These are some of the use cases for which the `ldes-client` can be used:

- I want to replicate all/part of a dataset (published as an LDES) as fast as possible. If this would take a long time, I want this to be fault tolerant and be able to stop and resume later without loosing data.
- I want to stay up to date with all entities present in a dataset (published as an LDES). For this, I don't care about old data, only the newest data per entity is required. Also, I want to periodically trigger the sync process.
- I want to do timeseries analysis, for which I need all data in order, according to their timestamp. I want options to resume, and later stay in sync.

## Software architecture

The client contains two parts, `fetching` the pages (aka. LDES fragments) and `extracting & emitting` the entities (aka. LDES members). Different use cases have different influences on these parts. For example:
- a time series analysis wants to fetch pages first that contain older members, the member emitter only wants to start emitting members when the oldest page has been found.
- getting the latest versions of each member is the inverse, first fetch the youngest pages, so members can immediately be emitted.

The main challenges are related to the coordination between the two parts:
- the member emitter needs to know what the fragment fetcher is doing (did it know that the oldest page is fetched?)
- how to handle the unbounded size nature of an LDES?
  - Keeping state of emitted members is unbounded
  - Keeping state of visited pages is unbounded
These are also influenced by the configuration.

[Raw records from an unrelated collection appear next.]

lemma cauchy_kernel_le: "\<gamma> > 0 \<Longrightarrow> cauchy_kernel \<gamma> x \<le> 1 / (pi * \<gamma>)"
  unfolding cauchy_kernel_def by (simp add: divide_simps add_nonneg_pos power2_eq_square)

lemma cauchy_kernel_measurable [measurable]: "cauchy_kernel \<gamma> \<in> borel_measurable borel"
  unfolding cauchy_kernel_def by measurable

lemma cauchy_kernel_le_shift:
  assumes "\<gamma> > 0"
  shows "cauchy_kernel \<gamma> x \<le> (2 + 2 * t\<^sup>2 / \<gamma>\<^sup>2) * cauchy_kernel \<gamma> (x - t)"
proof -
  have "(x - t)\<^sup>2 \<le> 2 * x\<^sup>2 + 2 * t\<^sup>2"
    using zero_le_power2[of "x + t"] by (simp add: power2_eq_square algebra_simps)
  moreover have "0 \<le> t\<^sup>2 * x\<^sup>2 / \<gamma>\<^sup>2"
    by simp
  moreover have "(2 + 2 * t\<^sup>2 / \<gamma>\<^sup>2) * (x\<^sup>2 + \<gamma>\<^sup>2) = 2 * x\<^sup>2 + 2 * \<gamma>\<^sup>2 + 2 * (t\<^sup>2 * x\<^sup>2 / \<gamma>\<^sup>2) + 2 * t\<^sup>2"
    using assms by (simp add: field_simps)
  ultimately have "(x - t)\<^sup>2 + \<gamma>\<^sup>2 \<le> (2 + 2 * t\<^sup>2 / \<gamma>\<^sup>2) * (x\<^sup>2 + \<gamma>\<^sup>2)"
    by (smt (verit) zero_le_power2)
  then show ?thesis
    using assms unfolding cauchy_kernel_def
    by (simp add: divide_simps add_nonneg_pos) (simp add: algebra_simps)
qed

lemma cauchy_kernel_ge_inverse_square:
  assumes "\<gamma> > 0"
  shows "\<gamma> / (pi * (1 + \<gamma>\<^sup>2)) / (1 + x\<^sup>2) \<le> cauchy_kernel \<gamma> x"
proof -
  have "x\<^sup>2 + \<gamma>\<^sup>2 \<le> (1 + \<gamma>\<^sup>2) * (1 + x\<^sup>2)"
    by (simp add: algebra_simps)
  then show ?thesis
    using assms unfolding cauchy_kernel_def
    by (simp add: divide_simps add_nonneg_pos add_pos_nonneg)
qed

lemma cauchy_kernel_le_inverse_square:
  assumes "\<gamma> > 0"
  shows "cauchy_kernel \<gamma> x \<le> (1 + \<gamma>\<^sup>2) / (pi * \<gamma>) / (1 + x\<^sup>2)"
proof -
  have "\<gamma>\<^sup>2 * (1 + x\<^sup>2) \<le> (1 + \<gamma>\<^sup>2) * (x\<^sup>2 + \<gamma>\<^sup>2)"
    by (simp add: algebra_simps)
  then show ?thesis
    using assms unfolding cauchy_kernel_def
    by (simp add: divide_simps add_nonneg_pos add_pos_nonneg power2_eq_square)
qed

lemma AE_in_measure_support:
  assumes "sets \<mu> = sets borel"
  shows "AE x in \<mu>. x \<in> measure_support \<mu>"
proof -
  define F where "F = {ball x e | x e. e > 0 \<and> emeasure \<mu> (ball x e) = 0}"
  obtain F' where F': "F' \<subseteq> F" "countable F'" "\<Union>F' = \<Union>F"
    using Lindelof[of F] unfolding F_def by auto
  have "(\<Union>B\<in>F'. B) \<in> null_sets \<mu>"
    using F'(1) assms by (intro null_sets_UN'[OF F'(2)]) (auto simp: F_def null_sets_def)
  moreover have "{x \<in> space \<mu>. x \<notin> measure_support \<mu>} \<subseteq> \<Union>F"
    by (force simp: F_def measure_support_def zero_less_iff_neq_zero)
  ultimately show ?thesis
    using F'(3) by (intro AE_I') auto
qed

lemma integrable_cauchy_kernel_shift:
  assumes "\<gamma> > 0" and "borel_prob \<mu>"
  shows "integrable \<mu> (\<lambda>t. cauchy_kernel \<gamma> (x - t))"
proof -
  interpret prob_space \<mu>
    using assms(2) by (simp add: borel_prob_def)
  have sets_eq: "sets \<mu> = sets borel"
    using assms(2) by (simp add: borel_prob_def)
  have "(\<lambda>t. cauchy_kernel \<gamma> (x - t)) \<in> borel_measurable \<mu>"
    by (subst measurable_cong_sets[OF sets_eq refl]) measurable
  then show ?thesis
    using cauchy_kernel_le[OF assms(1)] cauchy_kernel_pos[OF assms(1)]
    by (intro integrable_const_bound[where B = "1 / (pi * \<gamma>)"]) (auto simp: less_imp_le)
qed

lemma cauchy_conv_nonneg:
  assumes "\<gamma> > 0"
  shows "0 \<le> cauchy_conv \<gamma> \<mu> x"
  unfolding cauchy_conv_def using cauchy_kernel_pos[OF assms] by (intro integral_nonneg_AE) (simp add: less_imp_le)

lemma cauchy_conv_le:
  assumes "\<gamma> > 0" and "borel_prob \<mu>"
  shows "cauchy_conv \<gamma> \<mu> x \<le> 1 / (pi * \<gamma>)"
proof -
  interpret prob_space \<mu>
    using assms(2) by (simp add: borel_prob_def)
  have "cauchy_conv \<gamma> \<mu> x \<le> (\<integral>t. 1 / (pi * \<gamma>) \<partial>\<mu>)"
    unfolding cauchy_conv_def using integrable_cauchy_kernel_shift[OF assms]
    by (intro integral_mono) (auto intro: cauchy_kernel_le[OF assms(1)])
  then show ?thesis
    by (simp add: prob_space)
qed

lemma cauchy_conv_ge:
  assumes "\<gamma> > 0" and "borel_prob \<mu>" and "measure_support \<mu> \<subseteq> {-M..M}"
  shows "cauchy_kernel \<gamma> x / (2 + 2 * M\<^sup>2 / \<gamma>\<^sup>2) \<le> cauchy_conv \<gamma> \<mu> x"
proof -
  interpret prob_space \<mu>
    using assms(2) by (simp add: borel_prob_def)
  have bound: "cauchy_kernel \<gamma> x / (2 + 2 * M\<^sup>2 / \<gamma>\<^sup>2) \<le> cauchy_kernel \<gamma> (x - t)"
    if "t \<in> measure_support \<mu>" for t
  proof -
    have "t\<^sup>2 \<le> M\<^sup>2"
      using that assms(3) by (auto simp: abs_le_square_iff[symmetric] abs_le_iff)
    then have "2 + 2 * t\<^sup>2 / \<gamma>\<^sup>2 \<le> 2 + 2 * M\<^sup>2 / \<gamma>\<^sup>2"
      by (simp add: divide_right_mono)
    then have "cauchy_kernel \<gamma> x \<le> (2 + 2 * M\<^sup>2 / \<gamma>\<^sup>2) * cauchy_kernel \<gamma> (x - t)"
      using cauchy_kernel_le_shift[OF assms(1), of x t] cauchy_kernel_pos[OF assms(1), of "x - t"]
      by (meson less_imp_le mult_right_mono order_trans)
    moreover have "0 < 2 + 2 * M\<^sup>2 / \<gamma>\<^sup>2"
      by (simp add: add_pos_nonneg)
    ultimately show ?thesis
      by (simp add: pos_divide_le_eq mult.commute)
  qed
  have "AE t in \<mu>. t \<in> measure_support \<mu>"
    using AE_in_measure_support assms(2) unfolding borel_prob_def by blast
  then have "AE t in \<mu>. cauchy_kernel \<gamma> x / (2 + 2 * M\<^sup>2 / \<gamma>\<^sup>2) \<le> cauchy_kernel \<gamma> (x - t)"
    by (rule eventually_mono) (rule bound)
  then have "(\<integral>t. cauchy_kernel \<gamma> x / (2 + 2 * M\<^sup>2 / \<gamma>\<^sup>2) \<partial>\<mu>) \<le> cauchy_conv \<gamma> \<mu> x"
    unfolding cauchy_conv_def using integrable_cauchy_kernel_shift[OF assms(1,2)]
    by (intro integral_mono_AE) auto
  then show ?thesis
    by (simp add: prob_space)
qed

lemma cauchy_conv_le_second_moment:
  assumes "\<gamma> > 0" and "borel_prob \<nu>" and "integrable \<nu> (\<lambda>t. t\<^sup>2)"
  shows "cauchy_conv \<gamma> \<nu> x \<le> (2 + 2 * (\<integral>t. t\<^sup>2 \<partial>\<nu>) / \<gamma>\<^sup>2) * cauchy_kernel \<gamma> x"
proof -
  interpret prob_space \<nu>
    using assms(2) by (simp add: borel_prob_def)
  have "cauchy_conv \<gamma> \<nu> x \<le> (\<integral>t. (2 + 2 * t\<^sup>2 / \<gamma>\<^sup>2) * cauchy_kernel \<gamma> x \<partial>\<nu>)"
    unfolding cauchy_conv_def using integrable_cauchy_kernel_shift[OF assms(1,2)] assms(3)
    by (intro integral_mono)
       (use cauchy_kernel_le_shift[OF assms(1), of "x - t" "- t" for t] in auto)
  also have "\<dots> = (2 + 2 * (\<integral>t. t\<^sup>2 \<partial>\<nu>) / \<gamma>\<^sup>2) * cauchy_kernel \<gamma> x"
    using assms(3) by (simp add: prob_space algebra_simps)
  finally show ?thesis .
qed

lemma cauchy_conv_measurable [measurable]:
  assumes "borel_prob \<mu>"
  shows "cauchy_conv \<gamma> \<mu> \<in> borel_measurable lborel"
proof -
  interpret prob_space \<mu>
    using assms by (simp add: borel_prob_def)
  have sets_eq: "sets (lborel \<Otimes>\<^sub>M \<mu>) = sets (lborel \<Otimes>\<^sub>M borel)"
    using assms unfolding borel_prob_def by (intro sets_pair_measure_cong) auto
  have "(\<lambda>(x, t). cauchy_kernel \<gamma> (x - t)) \<in> borel_measurable (lborel \<Otimes>\<^sub>M \<mu>)"
    by (subst measurable_cong_sets[OF sets_eq refl]) measurable
  then show ?thesis
    unfolding cauchy_conv_def by (rule borel_measurable_lebesgue_integral)
qed

lemma abs_ln_cauchy_kernel_le:
  assumes "\<gamma> > 0"
  shows "\<bar>ln (cauchy_kernel \<gamma> x)\<bar> \<le> ln (1 + x\<^sup>2) + (\<bar>ln (\<gamma> / (pi * (1 + \<gamma>\<^sup>2)))\<bar> + \<bar>ln (pi * \<gamma>)\<bar>)"
proof -
  define c where "c = \<gamma> / (pi * (1 + \<gamma>\<^sup>2))"
  have "0 < c"
    using assms by (simp add: c_def add_pos_nonneg)
  have "\<bar>ln (cauchy_kernel \<gamma> x)\<bar> \<le> \<bar>ln (c / (1 + x\<^sup>2))\<bar> + \<bar>ln (1 / (pi * \<gamma>))\<bar>"
  proof (rule abs_ln_le_of_bounds)
    show "0 < c / (1 + x\<^sup>2)"
      using \<open>0 < c\<close> by (intro divide_pos_pos) (simp_all add: add_pos_nonneg)
  qed (use cauchy_kernel_ge_inverse_square[OF assms] cauchy_kernel_le[OF assms] in \<open>simp_all add: c_def\<close>)
  also have "\<bar>ln (c / (1 + x\<^sup>2))\<bar> \<le> ln (1 + x\<^sup>2) + \<bar>ln c\<bar>"
  proof -
    have "ln (c / (1 + x\<^sup>2)) = ln c - ln (1 + x\<^sup>2)"
      using \<open>0 < c\<close> by (intro ln_divide_pos) (simp_all add: add_pos_nonneg)
    moreover have "0 \<le> ln (1 + x\<^sup>2)"
      by simp
    ultimately show ?thesis
      by arith
  qed
  finally show ?thesis
    using assms by (simp add: c_def ln_div)
qed

lemma abs_ln_cauchy_conv_le:
  assumes "\<gamma> > 0" and "borel_prob \<mu>" and "measure_support \<mu> \<subseteq> {-M..M}"
  shows "\<bar>ln (cauchy_conv \<gamma> \<mu> x)\<bar>
           \<le> \<bar>ln (cauchy_kernel \<gamma> x)\<bar> + (ln (2 + 2 * M\<^sup>2 / \<gamma>\<^sup>2) + \<bar>ln (pi * \<gamma>)\<bar>)"
proof -
  define K where "K = 2 + 2 * M\<^sup>2 / \<gamma>\<^sup>2"
  have "2 \<le> K"
    by (simp add: K_def)
  have "\<bar>ln (cauchy_conv \<gamma> \<mu> x)\<bar> \<le> \<bar>ln (cauchy_kernel \<gamma> x / K)\<bar> + \<bar>ln (1 / (pi * \<gamma>))\<bar>"
  proof (rule abs_ln_le_of_bounds)
    show "0 < cauchy_kernel \<gamma> x / K"
      using \<open>2 \<le> K\<close> cauchy_kernel_pos[OF assms(1)] by simp
  qed (use cauchy_conv_ge[OF assms] cauchy_conv_le[OF assms(1,2)] in \<open>simp_all add: K_def\<close>)
  also have "\<bar>ln (cauchy_kernel \<gamma> x / K)\<bar> \<le> \<bar>ln (cauchy_kernel \<gamma> x)\<bar> + ln K"
  proof -
    have "ln (cauchy_kernel \<gamma> x / K) = ln (cauchy_kernel \<gamma> x) - ln K"
      using \<open>2 \<le> K\<close> cauchy_kernel_pos[OF assms(1)] by (intro ln_divide_pos) auto
    moreover have "0 \<le> ln K"
      using \<open>2 \<le> K\<close> by simp
    ultimately show ?thesis
      by arith
  qed
  finally show ?thesis
    using assms(1) by (simp add: K_def ln_div)
qed

lemma return_zero_in_B_set:
  assumes "0 \<le> M"
  shows "return borel 0 \<in> B_set M"
proof -
  have support_zero: "x = 0" if "x \<in> measure_support (return borel 0)" for x :: real
  proof (rule ccontr)
    assume "x \<noteq> 0"
    then have "0 < dist x 0"
      by simp
    then have "0 < emeasure (return borel 0) (ball x (dist x 0))"
      using that unfolding measure_support_def by blast
    then show False
      by (simp add: indicator_def dist_commute)
  qed
  then show ?thesis
    using assms unfolding B_set_def borel_prob_def by (auto dest!: support_zero intro: prob_space_return)
qed

lemma integrable_ln_cauchy_conv_mult_cauchy_conv:
  assumes "\<gamma> > 0" and "borel_prob \<mu>" and "compact (measure_support \<mu>)"
    and "borel_prob \<nu>" and "integrable \<nu> (\<lambda>x. x\<^sup>2)"
  shows "integrable lborel (\<lambda>x. ln (cauchy_conv \<gamma> \<mu> x) * cauchy_conv \<gamma> \<nu> x)"
proof -
  obtain M where "measure_support \<mu> \<subseteq> {-M..M}"
    using compact_imp_bounded[OF assms(3)] unfolding bounded_iff by (force simp: abs_le_iff)
  define D where "D = \<bar>ln (\<gamma> / (pi * (1 + \<gamma>\<^sup>2)))\<bar> + ln (2 + 2 * M\<^sup>2 / \<gamma>\<^sup>2) + 2 * \<bar>ln (pi * \<gamma>)\<bar>"
  have ln_bound: "\<bar>ln (cauchy_conv \<gamma> \<mu> x)\<bar> \<le> ln (1 + x\<^sup>2) + D" for x
    using abs_ln_cauchy_conv_le[OF assms(1,2) \<open>measure_support \<mu> \<subseteq> {-M..M}\<close>, of x]
      abs_ln_cauchy_kernel_le[OF assms(1), of x]
    unfolding D_def by linarith
  define A where "A = 2 + 2 * (\<integral>t. t\<^sup>2 \<partial>\<nu>) / \<gamma>\<^sup>2"
  define E where "E = A * ((1 + \<gamma>\<^sup>2) / (pi * \<gamma>))"
  have decay: "cauchy_conv \<gamma> \<nu> x \<le> E / (1 + x\<^sup>2)" for x
  proof -
    have "cauchy_conv \<gamma> \<nu> x \<le> A * cauchy_kernel \<gamma> x"
      unfolding A_def by (rule cauchy_conv_le_second_moment[OF assms(1,4,5)])
    also have "\<dots> \<le> A * ((1 + \<gamma>\<^sup>2) / (pi * \<gamma>) / (1 + x\<^sup>2))"
      by (rule mult_left_mono[OF cauchy_kernel_le_inverse_square[OF assms(1)]]) (simp add: A_def)
    finally show ?thesis
      by (simp add: E_def)
  qed
  have "integrable lborel (\<lambda>x. E * (ln (1 + x\<^sup>2) / (1 + x\<^sup>2)) + E * D * (1 / (1 + x\<^sup>2)))"
    using integrable_ln_one_plus_square_div integrable_inverse_one_plus_square
    by (intro Bochner_Integration.integrable_add integrable_mult_right)
  then show ?thesis
  proof (rule Bochner_Integration.integrable_bound)
    show "(\<lambda>x. ln (cauchy_conv \<gamma> \<mu> x) * cauchy_conv \<gamma> \<nu> x) \<in> borel_measurable lborel"
      using assms(2,4) by measurable
    show "AE x in lborel. norm (ln (cauchy_conv \<gamma> \<mu> x) * cauchy_conv \<gamma> \<nu> x)
            \<le> norm (E * (ln (1 + x\<^sup>2) / (1 + x\<^sup>2)) + E * D * (1 / (1 + x\<^sup>2)))"
    proof (rule AE_I2)
      fix x
      have "norm (ln (cauchy_conv \<gamma> \<mu> x) * cauchy_conv \<gamma> \<nu> x)
              = \<bar>ln (cauchy_conv \<gamma> \<mu> x)\<bar> * cauchy_conv \<gamma> \<nu> x"
        using cauchy_conv_nonneg[OF assms(1)] by (simp add: abs_mult)
      also have "\<dots> \<le> (ln (1 + x\<^sup>2) + D) * (E / (1 + x\<^sup>2))"
        using ln_bound[of x] decay[of x] cauchy_conv_nonneg[OF assms(1), of \<nu> x]
        by (intro mult_mono) auto
      also have "\<dots> = E * (ln (1 + x\<^sup>2) / (1 + x\<^sup>2)) + E * D * (1 / (1 + x\<^sup>2))"
        by (simp add: algebra_simps add_divide_distrib)
      finally show "norm (ln (cauchy_conv \<gamma> \<mu> x) * cauchy_conv \<gamma> \<nu> x)
            \<le> norm (E * (ln (1 + x\<^sup>2) / (1 + x\<^sup>2)) + E * D * (1 / (1 + x\<^sup>2)))"
        by simp
    qed
  qed
qed
lemma quiescent_spread:
  assumes "quiescent E z g" and "0 \<le> g"
  shows "spread z \<le> spread_factor * g"
proof -
  obtain m where m: "z m = ratio_min z * v m"
    by (rule ratio_min_attained)
  obtain l where l: "z l = ratio_max z * v l"
    by (rule ratio_max_attained)
  have "(l, m) \<in> E\<^sup>*"
    using strongly_connected
    by (cases "l = m") (auto simp: strongly_connected_def intro: trancl_into_rtrancl)
  then obtain n where path: "(l, m) \<in> E ^^ n" and "n \<le> card E"
    using rtrancl_finite_eq_relpow[of E] by auto
  have "spread z \<le> g + (z l / v l - ratio_min z)"
    using l v_pos[of l] \<open>0 \<le> g\<close> by (simp add: spread_def)
  also have "\<dots> \<le> edge_gain ^ n * g"
    using quiescent_path[OF assms m path] .
  also have "\<dots> \<le> spread_factor * g"
    unfolding spread_factor_def using one_le_edge_gain \<open>n \<le> card E\<close> \<open>0 \<le> g\<close>
    by (intro mult_right_mono power_increasing) auto
  finally show ?thesis .
qed

lemma out_weight_le_Suc: "w k i \<le> w (Suc k) i"
  using step_size_pos[of k] by (simp add: out_weight_Suc)

lemma out_weight_mono: "k \<le> k' \<Longrightarrow> w k i \<le> w k' i"
  by (rule lift_Suc_mono_le[of "\<lambda>k. w k i"]) (rule out_weight_le_Suc)

lemma out_weight_Suc_le_ratio_max: "w (Suc k) i \<le> ratio_max (w k) * v i"
proof (cases "deg i * step_size k \<le> node_balance E (w k) i")
  case True
  then have "deg i * (w k i + step_size k) \<le> deg i * (ratio_max (w k) * v i)"
    using in_sum_le_ratio_max[of "w k" i] by (simp add: node_balance_def algebra_simps)
  then have "w k i + step_size k \<le> ratio_max (w k) * v i"
    using out_deg_pos[of i] by simp
  then show ?thesis
    using True by (simp add: out_weight_Suc)
next
  case False
  then show ?thesis
    using le_ratio_max[of "w k" i] by (simp add: out_weight_Suc)
qed

lemma ratio_max_antimono: "k \<le> k' \<Longrightarrow> ratio_max (w k') \<le> ratio_max (w k)"
  by (rule lift_Suc_antimono_le[of "\<lambda>k. ratio_max (w k)"])
    (intro ratio_max_le out_weight_Suc_le_ratio_max)

lemma ratio_min_mono: "k \<le> k' \<Longrightarrow> ratio_min (w k) \<le> ratio_min (w k')"
  by (rule lift_Suc_mono_le[of "\<lambda>k. ratio_min (w k)"])
    (intro le_ratio_min order.trans[OF ratio_min_le out_weight_le_Suc])

lemma spread_antimono: "k \<le> k' \<Longrightarrow> spread (w k') \<le> spread (w k)"
  using ratio_max_antimono ratio_min_mono by (simp add: spread_def diff_mono)

lemma out_weight_le_ratio_max: "k \<le> k' \<Longrightarrow> w k' i \<le> ratio_max (w k) * v i"
  using le_ratio_max[of "w k'" i] ratio_max_antimono[of k k'] v_pos[of i]
  by (meson mult_right_mono less_imp_le order_trans)

lemma out_weight_increment_le: "k \<le> k' \<Longrightarrow> w k' i - w k i \<le> spread (w k) * v i"
  using out_weight_le_ratio_max[of k k' i] ratio_min_le[of "w k" i]
  by (simp add: spread_def left_diff_distrib)

definition total_weight :: "nat \<Rightarrow> real" where
  "total_weight k = (\<Sum>i\<in>UNIV. w k i)"

lemma total_weight_nonneg: "0 \<le> total_weight k"
  using out_weight_mono[of 0 k]
  by (auto simp: total_weight_def intro: sum_nonneg order.trans[OF zero_le_one])

lemma total_weight_bounded: "total_weight k \<le> ratio_max (w 0) * (\<Sum>i\<in>UNIV. v i)"
  unfolding total_weight_def sum_distrib_left
  by (rule sum_mono) (rule out_weight_le_ratio_max, simp)

lemma total_weight_increment_le:
  "k \<le> k' \<Longrightarrow> total_weight k' - total_weight k \<le> spread (w k) * (\<Sum>i\<in>UNIV. v i)"
  unfolding total_weight_def sum_distrib_left sum_subtractf[symmetric]
  by (rule sum_mono) (rule out_weight_increment_le)

lemma total_weight_firing:
  assumes "\<not> quiescent E (w k) (step_size k)"
  shows "total_weight k + step_size k \<le> total_weight (Suc k)"
proof -
  obtain i where "deg i * step_size k \<le> node_balance E (w k) i"
    using assms by (auto simp: quiescent_def not_less)
  then have "step_size k = w (Suc k) i - w k i"
    by (simp add: out_weight_Suc)
  also have "\<dots> \<le> (\<Sum>j\<in>UNIV. w (Suc k) j - w k j)"
    by (rule member_le_sum) (auto simp: out_weight_le_Suc)
  finally show ?thesis
    by (simp add: total_weight_def sum_subtractf)
qed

The implementation coordinates the behavior of the two parts through a `Strategy`. So far, two strategies exist:
- [`unordered`](./lib/strategy/unordered.ts): this strategy fetches pages as soon as they are found and emits members without any regard for their temporal order.
- [`ordered`](./lib/strategy/ordered.ts): this strategy tries to fetch first (if the LDES structure allows it) the pages that would logically contain the oldest/newest members depending on the configuration (`ascending` or `descending`); and emits members in order based on their timestamp.

### Fragment Fetcher

The fragment fetcher fetches the fragments. Depending on the chosen strategy, these fragments are managed in a priority queue with different conditions. 

In the case of the `unordered` strategy, the fragments are handled individually in a simple FIFO manner. 

In the case of the `ordered` strategy, the fragments are assembled and targeted via [`RelationChains`](./lib/fetcher/relation.ts#L98), of which two types exist: `important` and `unimportant`. The important relations are, for example, the `tree:GreaterThanRelation` and `tree:GreaterThanOrEqualToRelation` relations, because all other relation types are equivalent.  That is to say, we can only emit members when all unimportant relations are fetched and processed.

Relation chains are chains, because when the client fetches a page, it can find new relations pointing from that page. But we need to distinguish between a relation after an important relation or a relation after an unimportant relation:
- Important relations squash unimportant relations, these chains should only be fetched if all unimportant relations are done.
- Unimportant relations squash other unimportant relations. 
- Important relations squash other important relations, the new _value_ is the bigger value of the two.
The ordering of these chains is thus, first unimportant relations, then important relations ordered on value. These chains dictate the order in which pages are fetched.

Given that multiple relations can be encountered from every new page, it is possible to fetch multiple pages at the same time. However, when following an ordered strategy and considering that fetching is asynchronous, we can only interpret a page that came from a smaller relation, if no pages are _in flight_. These aspects are managed by a [`Modulator`](./lib/fetcher/modulator.ts).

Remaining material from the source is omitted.